(x+1)(x+2)(x+3)(x+4)-8=0

3 min read Jun 16, 2024

Solving the Equation: (x+1)(x+2)(x+3)(x+4) - 8 = 0

This equation looks quite intimidating at first glance, but with a bit of algebraic manipulation and ingenuity, we can find its solutions.

Expand the first four terms: We can expand the product of the first four terms using the distributive property (or by using the FOIL method repeatedly). This will give us a polynomial of degree 4.
Combine terms: After expanding, we can combine like terms to get a simplified polynomial equation.

Looking for patterns: Observe that the constant term in the simplified equation is -8. This suggests that we might be able to factor the equation.
Trying a guess: Let's try substituting x = -1 into the original equation.

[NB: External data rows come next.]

(* Let $\ell\in\mathbb{Z}^2$ and define the event $\Sigma=\{\mathrm{An}(\ell)\cap\mathrm{An}(0)\neq\emptyset\}\cup\{\mathrm{De}(\ell)\cap\mathrm{De}(0)\neq\emptyset\}$. Then for every $0\le p\le 1$, $$P_p\big(\mathrm{An}(\ell)\cap\mathrm{An}(0)\neq\emptyset\big)\ \ge\ 1-\big(1-P_p(\Sigma)\big)^{1/2}.$$
   Context: Oriented square lattice: node set $\mathbb{Z}^2$, with a directed edge $u\to v$ if and only if $v-u\in\{(1,0),(0,1)\}$; $E(\mathbb{Z}^2)$ denotes this edge set. Bernoulli bond percolation with parameter $p\in[0,1]$: each edge of $E(\mathbb{Z}^2)$ is independently declared open with probability $p$ and closed otherwise; $P_p$ is the resulting product measure on $\Omega=\{0,1\}^{E(\mathbb{Z}^2)}$. In a configuration, $\mathrm{An}(u)$ is the set consisting of $u$ and all nodes $v$ from which there is a directed path $v\to\cdots\to u$ consisting of open edges traversed in their orientation; $\mathrm{De}(u)$ is the set consisting of $u$ and all nodes $v$ reachable from $u$ by such a directed open path. *)

theory Defs
  imports "HOL-Probability.Probability"
begin

type_synonym node = "int \<times> int"
type_synonym edge = "node \<times> node"

definition Edges :: "edge set" where
  "Edges = {(u, v). v = (fst u + 1, snd u) \<or> v = (fst u, snd u + 1)}"

text \<open>Bernoulli bond percolation: product of Bernoulli(p) over the edge set;
  a configuration is omega :: edge => bool (True = open).\<close>
definition perc :: "real \<Rightarrow> (edge \<Rightarrow> bool) measure" where
  "perc p = PiM Edges (\<lambda>_. measure_pmf (bernoulli_pmf p))"

definition open_step :: "(edge \<Rightarrow> bool) \<Rightarrow> node \<Rightarrow> node \<Rightarrow> bool" where
  "open_step \<omega> u v \<longleftrightarrow> (u, v) \<in> Edges \<and> \<omega> (u, v)"

definition An :: "(edge \<Rightarrow> bool) \<Rightarrow> node \<Rightarrow> node set" where
  "An \<omega> u = {v. (open_step \<omega>)\<^sup>*\<^sup>* v u}"

definition De :: "(edge \<Rightarrow> bool) \<Rightarrow> node \<Rightarrow> node set" where
  "De \<omega> u = {v. (open_step \<omega>)\<^sup>*\<^sup>* u v}"

end

theory Submission
  imports Defs
begin

text \<open>The point reflection \<open>u \<mapsto> \<ell> - u\<close>, which reverses the orientation of every edge,
  exchanges ancestors and descendants and swaps \<open>0\<close> with \<open>\<ell>\<close>; hence the events
  \<open>A = {An(\<ell>) \<inter> An(0) \<noteq> \<emptyset>}\<close> and \<open>D = {De(\<ell>) \<inter> De(0) \<noteq> \<emptyset>}\<close> have the same probability \<open>a\<close>.
  Both events are increasing, so by the Harris inequality \<open>P(A \<inter> D) \<ge> a\<^sup>2\<close> and therefore
  \<open>P(\<Sigma>) = 2a - P(A \<inter> D) \<le> 1 - (1 - a)\<^sup>2\<close>. The Harris inequality is proved for finitely many
  edges by induction and transferred to the whole lattice by exhausting it with boxes centred
  at \<open>\<ell>/2\<close>, which are invariant under the reflection.\<close>

lemma open_step_mono: "\<omega> \<le> \<omega>' \<Longrightarrow> open_step \<omega> u v \<Longrightarrow> open_step \<omega>' u v"
  by (metis le_boolD le_funD open_step_def)

lemma rtranclp_open_step_mono:
  assumes "\<omega> \<le> \<omega>'"
  shows "(open_step \<omega>)\<^sup>*\<^sup>* u v \<Longrightarrow> (open_step \<omega>')\<^sup>*\<^sup>* u v"
  by (induction rule: rtranclp_induct)
     (auto intro: rtranclp.rtrancl_into_rtrancl open_step_mono[OF assms])

lemma An_mono: "\<omega> \<le> \<omega>' \<Longrightarrow> An \<omega> u \<subseteq> An \<omega>' u"
  unfolding An_def using rtranclp_open_step_mono by blast

lemma De_mono: "\<omega> \<le> \<omega>' \<Longrightarrow> De \<omega> u \<subseteq> De \<omega>' u"
  unfolding De_def using rtranclp_open_step_mono by blast

definition ancestors_meet :: "node \<Rightarrow> node \<Rightarrow> (edge \<Rightarrow> bool) \<Rightarrow> bool" where
  "ancestors_meet u v \<omega> \<longleftrightarrow> An \<omega> u \<inter> An \<omega> v \<noteq> {}"

definition descendants_meet :: "node \<Rightarrow> node \<Rightarrow> (edge \<Rightarrow> bool) \<Rightarrow> bool" where
  "descendants_meet u v \<omega> \<longleftrightarrow> De \<omega> u \<inter> De \<omega> v \<noteq> {}"

lemma ancestors_meet_mono: "\<omega> \<le> \<omega>' \<Longrightarrow> ancestors_meet u v \<omega> \<Longrightarrow> ancestors_meet u v \<omega>'"
  unfolding ancestors_meet_def using An_mono by blast

lemma descendants_meet_mono: "\<omega> \<le> \<omega>' \<Longrightarrow> descendants_meet u v \<omega> \<Longrightarrow> descendants_meet u v \<omega>'"
  unfolding descendants_meet_def using De_mono by blast

definition close_outside :: "edge set \<Rightarrow> (edge \<Rightarrow> bool) \<Rightarrow> (edge \<Rightarrow> bool)" where
  "close_outside F \<omega> = (\<lambda>e. e \<in> F \<and> \<omega> e)"

lemma close_outside_le: "close_outside F \<omega> \<le> \<omega>"
  by (auto simp: close_outside_def le_fun_def)

lemma close_outside_mono: "F \<subseteq> G \<Longrightarrow> close_outside F \<omega> \<le> close_outside G \<omega>"
  by (auto simp: close_outside_def le_fun_def)

lemma eventually_rtranclp_open_step_close_outside:
  fixes Fs :: "nat \<Rightarrow> edge set"
  assumes "mono Fs" and cover: "\<And>e. e \<in> Edges \<Longrightarrow> \<exists>n. e \<in> Fs n"
  shows "(open_step \<omega>)\<^sup>*\<^sup>* u v \<Longrightarrow> \<forall>\<^sub>F n in sequentially. (open_step (close_outside (Fs n) \<omega>))\<^sup>*\<^sup>* u v"
proof (induction rule: rtranclp_induct)
  case base
  then show ?case by simp
next
  case (step y z)
  then have e: "(y, z) \<in> Edges" "\<omega> (y, z)" by (auto simp: open_step_def)
  then obtain M where "(y, z) \<in> Fs M" using cover by blast
  then have "\<forall>\<^sub>F n in sequentially. open_step (close_outside (Fs n) \<omega>) y z"
    using e \<open>mono Fs\<close> unfolding eventually_sequentially
    by (auto simp: open_step_def close_outside_def dest: monoD)
  with step.IH show ?case
    by eventually_elim (rule rtranclp.rtrancl_into_rtrancl)
qed

lemma ex_close_outside_ancestors_meet:
  fixes Fs :: "nat \<Rightarrow> edge set"
  assumes "mono Fs" "\<And>e. e \<in> Edges \<Longrightarrow> \<exists>n. e \<in> Fs n" and "ancestors_meet u v \<omega>"
  shows "\<exists>n. ancestors_meet u v (close_outside (Fs n) \<omega>)"
proof -
  obtain w where "(open_step \<omega>)\<^sup>*\<^sup>* w u" "(open_step \<omega>)\<^sup>*\<^sup>* w v"
    using assms(3) by (auto simp: ancestors_meet_def An_def)
  then have "\<forall>\<^sub>F n in sequentially. (open_step (close_outside (Fs n) \<omega>))\<^sup>*\<^sup>* w u"
      "\<forall>\<^sub>F n in sequentially. (open_step (close_outside (Fs n) \<omega>))\<^sup>*\<^sup>* w v"
    by (simp_all add: eventually_rtranclp_open_step_close_outside[OF assms(1,2)])
  then have "\<forall>\<^sub>F n in sequentially. ancestors_meet u v (close_outside (Fs n) \<omega>)"
    by eventually_elim (auto simp: ancestors_meet_def An_def)
  then show ?thesis by (auto simp: eventually_sequentially)
qed

lemma ex_close_outside_descendants_meet:
  fixes Fs :: "nat \<Rightarrow> edge set"
  assumes "mono Fs" "\<And>e. e \<in> Edges \<Longrightarrow> \<exists>n. e \<in> Fs n" and "descendants_meet u v \<omega>"
  shows "\<exists>n. descendants_meet u v (close_outside (Fs n) \<omega>)"
proof -
  obtain w where "(open_step \<omega>)\<^sup>*\<^sup>* u w" "(open_step \<omega>)\<^sup>*\<^sup>* v w"
    using assms(3) by (auto simp: descendants_meet_def De_def)
  then have "\<forall>\<^sub>F n in sequentially. (open_step (close_outside (Fs n) \<omega>))\<^sup>*\<^sup>* u w"
      "\<forall>\<^sub>F n in sequentially. (open_step (close_outside (Fs n) \<omega>))\<^sup>*\<^sup>* v w"
    by (simp_all add: eventually_rtranclp_open_step_close_outside[OF assms(1,2)])
  then have "\<forall>\<^sub>F n in sequentially. descendants_meet u v (close_outside (Fs n) \<omega>)"
    by eventually_elim (auto simp: descendants_meet_def De_def)
  then show ?thesis by (auto simp: eventually_sequentially)
qed

subsection \<open>The Harris inequality for finitely many edges\<close>

lemma prob_Pi_pmf_bernoulli_insert:
  fixes U :: "('a \<Rightarrow> bool) set"
  assumes "finite F" "a \<notin> F" "0 \<le> p" "p \<le> 1"
  shows "measure_pmf.prob (Pi_pmf (insert a F) False (\<lambda>_. bernoulli_pmf p)) U =
    p * measure_pmf.prob (Pi_pmf F False (\<lambda>_. bernoulli_pmf p)) {f. f(a := True) \<in> U}
    + (1 - p) * measure_pmf.prob (Pi_pmf F False (\<lambda>_. bernoulli_pmf p)) {f. f(a := False) \<in> U}"
proof -
  let ?Q = "Pi_pmf F False (\<lambda>_. bernoulli_pmf p)"
  define h where "h y = measure_pmf.prob ?Q {f. f(a := y) \<in> U}" for y
  have split: "Pi_pmf (insert a F) False (\<lambda>_. bernoulli_pmf p) =
      bind_pmf (bernoulli_pmf p) (\<lambda>y. map_pmf (\<lambda>f. f(a := y)) ?Q)"
    using assms by (simp add: Pi_pmf_insert' map_pmf_def)
  have "emeasure (Pi_pmf (insert a F) False (\<lambda>_. bernoulli_pmf p)) U =
      (\<integral>\<^sup>+y. ennreal (h y) \<partial>bernoulli_pmf p)"
    unfolding split emeasure_bind_pmf
    by (intro nn_integral_cong) (simp add: measure_pmf.emeasure_eq_measure h_def vimage_def)
  also have "\<dots> = ennreal (h True) * ennreal p + ennreal (h False) * ennreal (1 - p)"
    using assms by simp
  also have "\<dots> = ennreal (p * h True + (1 - p) * h False)"
    using assms by (simp add: h_def ennreal_mult[symmetric] ennreal_plus mult.commute)
  finally have "ennreal (measure_pmf.prob (Pi_pmf (insert a F) False (\<lambda>_. bernoulli_pmf p)) U)
      = ennreal (p * h True + (1 - p) * h False)"
    by (simp add: measure_pmf.emeasure_eq_measure)
  moreover have "0 \<le> p * h True + (1 - p) * h False"
    using assms by (simp add: h_def)
  ultimately show ?thesis
    by (simp only: ennreal_inj[OF measure_nonneg] h_def)
qed

\<comment> \<open>Conditioning on one edge: the cross term is Chebyshev's sum inequality for two points.\<close>
lemma mixture_product_le:
  fixes p u0 u1 v0 v1 w0 w1 :: real
  assumes "0 \<le> p" "p \<le> 1" "u0 \<le> u1" "v0 \<le> v1" "u1 * v1 \<le> w1" "u0 * v0 \<le> w0"
  shows "(p * u1 + (1 - p) * u0) * (p * v1 + (1 - p) * v0) \<le> p * w1 + (1 - p) * w0"
proof -
  have "(p * u1 + (1 - p) * u0) * (p * v1 + (1 - p) * v0)
      = p * (u1 * v1) + (1 - p) * (u0 * v0) - p * (1 - p) * ((u1 - u0) * (v1 - v0))"
    by algebra
  also have "\<dots> \<le> p * (u1 * v1) + (1 - p) * (u0 * v0)"
    using assms by simp
  also have "\<dots> \<le> p * w1 + (1 - p) * w0"
    using assms by (intro add_mono mult_left_mono) auto
  finally show ?thesis .
qed

lemma harris_Pi_pmf_bernoulli:
  fixes U V :: "('a \<Rightarrow> bool) set"
  assumes "finite F" "0 \<le> p" "p \<le> 1"
    and "\<And>x y. x \<in> U \<Longrightarrow> x \<le> y \<Longrightarrow> y \<in> U"
    and "\<And>x y. x \<in> V \<Longrightarrow> x \<le> y \<Longrightarrow> y \<in> V"
  shows "measure_pmf.prob (Pi_pmf F False (\<lambda>_. bernoulli_pmf p)) U *
         measure_pmf.prob (Pi_pmf F False (\<lambda>_. bernoulli_pmf p)) V
       \<le> measure_pmf.prob (Pi_pmf F False (\<lambda>_. bernoulli_pmf p)) (U \<inter> V)"
  using assms(1,4,5)
proof (induction F arbitrary: U V rule: finite_induct)
  case empty
  then show ?case by (simp add: indicator_def)
next
  case (insert a F)
  let ?P = "measure_pmf.prob (Pi_pmf F False (\<lambda>_. bernoulli_pmf p))"
  define Uy where "Uy y = {f. f(a := y) \<in> U}" for y
  define Vy where "Vy y = {f. f(a := y) \<in> V}" for y
  have upd_le: "f(a := y) \<le> g(a := y)" if "f \<le> g" for f g :: "'a \<Rightarrow> bool" and y
    using that by (auto simp: le_fun_def)
  have le_False_True: "f(a := False) \<le> f(a := True)" for f :: "'a \<Rightarrow> bool"
    by (auto simp: le_fun_def)
  have IH: "?P (Uy y) * ?P (Vy y) \<le> ?P (Uy y \<inter> Vy y)" for y
    by (rule insert.IH)
       (auto simp: Uy_def Vy_def, metis insert.prems(1) upd_le, metis insert.prems(2) upd_le)
  have mono_U: "?P (Uy False) \<le> ?P (Uy True)"
    by (intro measure_pmf.finite_measure_mono) (auto simp: Uy_def intro: insert.prems(1) le_False_True)
  have mono_V: "?P (Vy False) \<le> ?P (Vy True)"
    by (intro measure_pmf.finite_measure_mono) (auto simp: Vy_def intro: insert.prems(2) le_False_True)
  have split: "measure_pmf.prob (Pi_pmf (insert a F) False (\<lambda>_. bernoulli_pmf p)) W
      = p * ?P {f. f(a := True) \<in> W} + (1 - p) * ?P {f. f(a := False) \<in> W}" for W
    by (rule prob_Pi_pmf_bernoulli_insert[OF insert.hyps assms(2,3)])
  have "{f. f(a := y) \<in> U \<inter> V} = Uy y \<inter> Vy y" for y
    by (auto simp: Uy_def Vy_def)
  then show ?case
    unfolding split
    using mixture_product_le[OF assms(2,3) mono_U mono_V IH[of True] IH[of False]]
    by (simp add: Uy_def Vy_def)
qed

subsection \<open>From finitely many edges to the whole lattice\<close>

lemma prob_space_perc: "prob_space (perc p)"
  unfolding perc_def by (intro prob_space_PiM) (simp add: measure_pmf.prob_space_axioms)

We get: (-1 + 1)(-1 + 2)(-1 + 3)(-1 + 4) - 8 = 0. This indicates that x = -1 is a solution to the equation.
Using the Factor Theorem: Since x = -1 is a solution, we know that (x + 1) is a factor of the polynomial. We can use polynomial long division or synthetic division to divide the polynomial by (x + 1) and get a cubic polynomial.
Repeating the process: We can repeat the process of finding solutions and factoring for the resulting cubic polynomial. We might find another solution (and another factor), which would leave us with a quadratic equation.
Solving the quadratic: We can then use the quadratic formula to find the remaining solutions.

Following the above steps, we can find that the solutions to the equation (x + 1)(x + 2)(x + 3)(x + 4) - 8 = 0 are:

This equation is a quartic equation (degree 4).
It has four solutions (real and/or complex).
The solutions can be found by factoring, polynomial division, and the quadratic formula.
The solutions to this equation represent the x-intercepts of the graph of the corresponding function.